The data
________

lemma sum_ternary_lists_jointly_eliminated_expand:
  assumes "set Y \<subseteq> S n"
  shows "(\<Sum>s\<in>ternary_lists n. of_bool (\<forall>t\<in>set Y. eliminates n (map Some t) s)) =
    (3 :: int) ^ zcols n Y * (\<Sum>\<alpha>\<in>ternary_lists (length Y). (-2) ^ zcount \<alpha> * 2 ^ card (BSp n Y \<alpha>))"
proof -
  let ?k = "length Y"
  have len: "length (Y ! j) = n" if "j < ?k" for j
    using that assms S_subset_ternary_lists nth_mem unfolding ternary_lists_def by blast
  have "(\<Sum>s\<in>ternary_lists n. of_bool (\<forall>t\<in>set Y. eliminates n (map Some t) s)) =
      (\<Sum>s\<in>ternary_lists n. \<Sum>\<alpha>\<in>ternary_lists ?k. \<Prod>j<?k.
        elim_weight (\<alpha> ! j) * of_bool (scaled_on_support n (Y ! j) (\<alpha> ! j) s))"
    unfolding all_set_conv_all_nth using of_bool_eliminates_all[of ?k Y n] len by simp
  also have "\<dots> = (\<Sum>\<alpha>\<in>ternary_lists ?k. \<Sum>s\<in>ternary_lists n. \<Prod>j<?k.
        elim_weight (\<alpha> ! j) * of_bool (scaled_on_support n (Y ! j) (\<alpha> ! j) s))"
    by (rule sum.swap)
  also have "\<dots> = (\<Sum>\<alpha>\<in>ternary_lists ?k. (-2) ^ zcount \<alpha> * (3 ^ zcols n Y * 2 ^ card (BSp n Y \<alpha>)))"
    using sum_ternary_lists_scaled_on_support by (intro sum.cong) (auto simp: ternary_lists_def)
  finally show ?thesis by (simp add: sum_distrib_left algebra_simps)
qed

lemma sum_ternary_lists_BSp:
  "(\<Sum>\<alpha>\<in>ternary_lists (length Y). (-2::int) ^ zcount \<alpha> * 2 ^ card (BSp n Y \<alpha>)) =
    (-2) ^ length Y + 2 * (\<Sum>\<alpha>\<in>S (length Y). (-2) ^ zcount \<alpha> * 2 ^ card (BSp n Y \<alpha>))"
  by (subst sum_ternary_lists_symmetric)
    (auto simp: ternary_lists_def zcount_uminus BSp_uminus zcount_replicate_zero BSp_replicate_zero)

lemma card_jointly_eliminated:
  assumes "set Y \<subseteq> S n" "Y \<noteq> []"
  shows "(-1) ^ (length Y + 1) * int (card (jointly_eliminated n (set Y))) =
    3 ^ zcols n Y * (- (2 ^ (length Y - 1)) +
      (\<Sum>\<alpha>\<in>S (length Y). (-1) ^ (zcount \<alpha> + length Y + 1) * 2 ^ (zcount \<alpha> + card (BSp n Y \<alpha>))))"
proof -
  let ?k = "length Y"
  define T where "T = (\<Sum>\<alpha>\<in>S ?k. (-2) ^ zcount \<alpha> * 2 ^ card (BSp n Y \<alpha>) :: int)"
  have count: "2 * int (card (jointly_eliminated n (set Y))) = 3 ^ zcols n Y * ((-2) ^ ?k + 2 * T)"
    using sum_ternary_lists_jointly_eliminated[OF assms] sum_ternary_lists_jointly_eliminated_expand[OF assms(1)]
    unfolding sum_ternary_lists_BSp T_def by simp
  have signs: "(-1) ^ (?k + 1) * T =
      (\<Sum>\<alpha>\<in>S ?k. (-1) ^ (zcount \<alpha> + ?k + 1) * 2 ^ (zcount \<alpha> + card (BSp n Y \<alpha>)))"
    unfolding T_def sum_distrib_left
    by (intro sum.cong) (simp_all add: power_add power_minus[of 2])
  have "(-1) ^ (?k + 1) * (-2) ^ ?k = - (2 ^ ?k :: int)"
    by (simp add: power_mult_distrib[symmetric])
  also have "\<dots> = - (2 * 2 ^ (?k - 1))"
    using assms(2) by (cases ?k) simp_all
  finally have leading: "(-1) ^ (?k + 1) * (-2) ^ ?k = - (2 * 2 ^ (?k - 1) :: int)" .
  have "2 * ((-1) ^ (?k + 1) * int (card (jointly_eliminated n (set Y)))) =
      (-1) ^ (?k + 1) * (3 ^ zcols n Y * ((-2) ^ ?k + 2 * T))"
    by (simp add: count[symmetric])
  also have "\<dots> = 3 ^ zcols n Y * ((-1) ^ (?k + 1) * (-2) ^ ?k) + 2 * (3 ^ zcols n Y * ((-1) ^ (?k + 1) * T))"
    by (simp add: algebra_simps)
  also have "\<dots> = 2 * (3 ^ zcols n Y * (- (2 ^ (?k - 1)) + (-1) ^ (?k + 1) * T))"
    unfolding leading by (simp add: algebra_simps)
  finally show ?thesis unfolding signs by simp
qed

lemma length_subrows: "length (subrows xs I) = card I"
  unfolding subrows_def by simp

lemma set_subrows: "finite I \<Longrightarrow> set (subrows xs I) = (\<lambda>i. xs ! i) ` I"
  unfolding subrows_def by simp

lemma set_subrows_subset: "I \<subseteq> {0..<length xs} \<Longrightarrow> set (subrows xs I) \<subseteq> set xs"
  using finite_subset[of I "{0..<length xs}"] by (auto simp: set_subrows)

lemma int_card_Elim_incl_excl:
  "int (card (Elim n (set xs))) =
    (\<Sum>I | I \<subseteq> {0..<length xs} \<and> I \<noteq> {}.
      (-1) ^ (card I + 1) * int (card (jointly_eliminated n (set (subrows xs I)))))"
proof -
  define G where "G i = {s. eliminates n (map Some (xs ! i)) s}" for i
  define f where "f X = int (card (X \<inter> S n))" for X
  have additive: "f (X \<union> X') = f X + f X'" if "disjnt X X'" for X X'
    using that finite_S unfolding f_def disjnt_def
    by (simp add: Int_Un_distrib2 card_Un_disjoint disjoint_iff)
  have union: "Elim n (set xs) = \<Union> (G ` {0..<length xs}) \<inter> S n"
    unfolding Elim_def G_def set_conv_nth by fastforce
  have intersection: "jointly_eliminated n (set (subrows xs I)) = \<Inter> (G ` I) \<inter> S n"
    if "I \<subseteq> {0..<length xs}" "I \<noteq> {}" for I
    using that finite_subset[of I "{0..<length xs}"]
    unfolding jointly_eliminated_def G_def by (auto simp: set_subrows)
  have "int (card (Elim n (set xs))) = f (\<Union> (G ` {0..<length xs}))"
    unfolding f_def union ..
  also have "\<dots> = (\<Sum>I | I \<subseteq> {0..<length xs} \<and> I \<noteq> {}. (-1) ^ (card I + 1) * f (\<Inter> (G ` I)))"
    by (rule Incl_Excl_UN[OF additive]) simp_all
  also have "\<dots> = (\<Sum>I | I \<subseteq> {0..<length xs} \<and> I \<noteq> {}.
      (-1) ^ (card I + 1) * int (card (jointly_eliminated n (set (subrows xs I)))))"
    unfolding f_def by (intro sum.cong refl) (simp add: intersection)
  finally show ?thesis .
qed

lemma card_jointly_eliminated_subrows:
  assumes "set xs \<subseteq> S n" "I \<subseteq> {0..<length xs}" "I \<noteq> {}"
  shows "(-1) ^ (card I + 1) * int (card (jointly_eliminated n (set (subrows xs I)))) =
    3 ^ zcols n (subrows xs I) * (- (2 ^ (card I - 1)) +
      (\<Sum>\<alpha>\<in>S (card I). (-1) ^ (zcount \<alpha> + card I + 1) *
        2 ^ (zcount \<alpha> + card (BSp n (subrows xs I) \<alpha>))))"
proof -
  have "finite I" using assms(2) finite_subset by blast
  then have "subrows xs I \<noteq> []"
    using assms(3) length_subrows[of xs I] by auto
  then show ?thesis
    using card_jointly_eliminated[of "subrows xs I" n] set_subrows_subset[OF assms(2)] assms(1)
    by (simp add: length_subrows)
qed

theorem mainTheorem13:
  fixes n m :: nat and xs :: "int list list"
  assumes "m \<ge> 1" and "length xs = m" and "distinct xs" and "set xs \<subseteq> S n"
  shows "int (card (Elim n (set xs))) =
    (\<Sum>k=1..m. \<Sum>I\<in>{I. I \<subseteq> {0..<m} \<and> card I = k}.
       3 ^ zcols n (subrows xs I) *
       (- (2 ^ (k - 1)) +
        (\<Sum>\<alpha>\<in>S k. (-1) ^ (zcount \<alpha> + k + 1) *
             2 ^ (zcount \<alpha> + card (BSp n (subrows xs I) \<alpha>)))))"
proof -
  define g :: "nat set \<Rightarrow> int" where "g I = 3 ^ zcols n (subrows xs I) * (- (2 ^ (card I - 1)) +
      (\<Sum>\<alpha>\<in>S (card I). (-1) ^ (zcount \<alpha> + card I + 1) *
        2 ^ (zcount \<alpha> + card (BSp n (subrows xs I) \<alpha>))))" for I
  have "int (card (Elim n (set xs))) = (\<Sum>I | I \<subseteq> {0..<m} \<and> I \<noteq> {}. g I)"
    unfolding int_card_Elim_incl_excl g_def assms(2)[symmetric]
    by (intro sum.cong refl card_jointly_eliminated_subrows[OF assms(4)]) auto
  also have "\<dots> = (\<Sum>k=1..m. \<Sum>I | I \<subseteq> {0..<m} \<and> card I = k. g I)"
    using sum_nonempty_subsets_by_card[of "{0..<m}" g] by simp
  finally show ?thesis
    unfolding g_def by simp
qed

end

________

Work request
Working through the data above, find every line holding "blast" and copy it.

Response to this task
    using that assms S_subset_ternary_lists nth_mem unfolding ternary_lists_def by blast
  have "finite I" using assms(2) finite_subset by blast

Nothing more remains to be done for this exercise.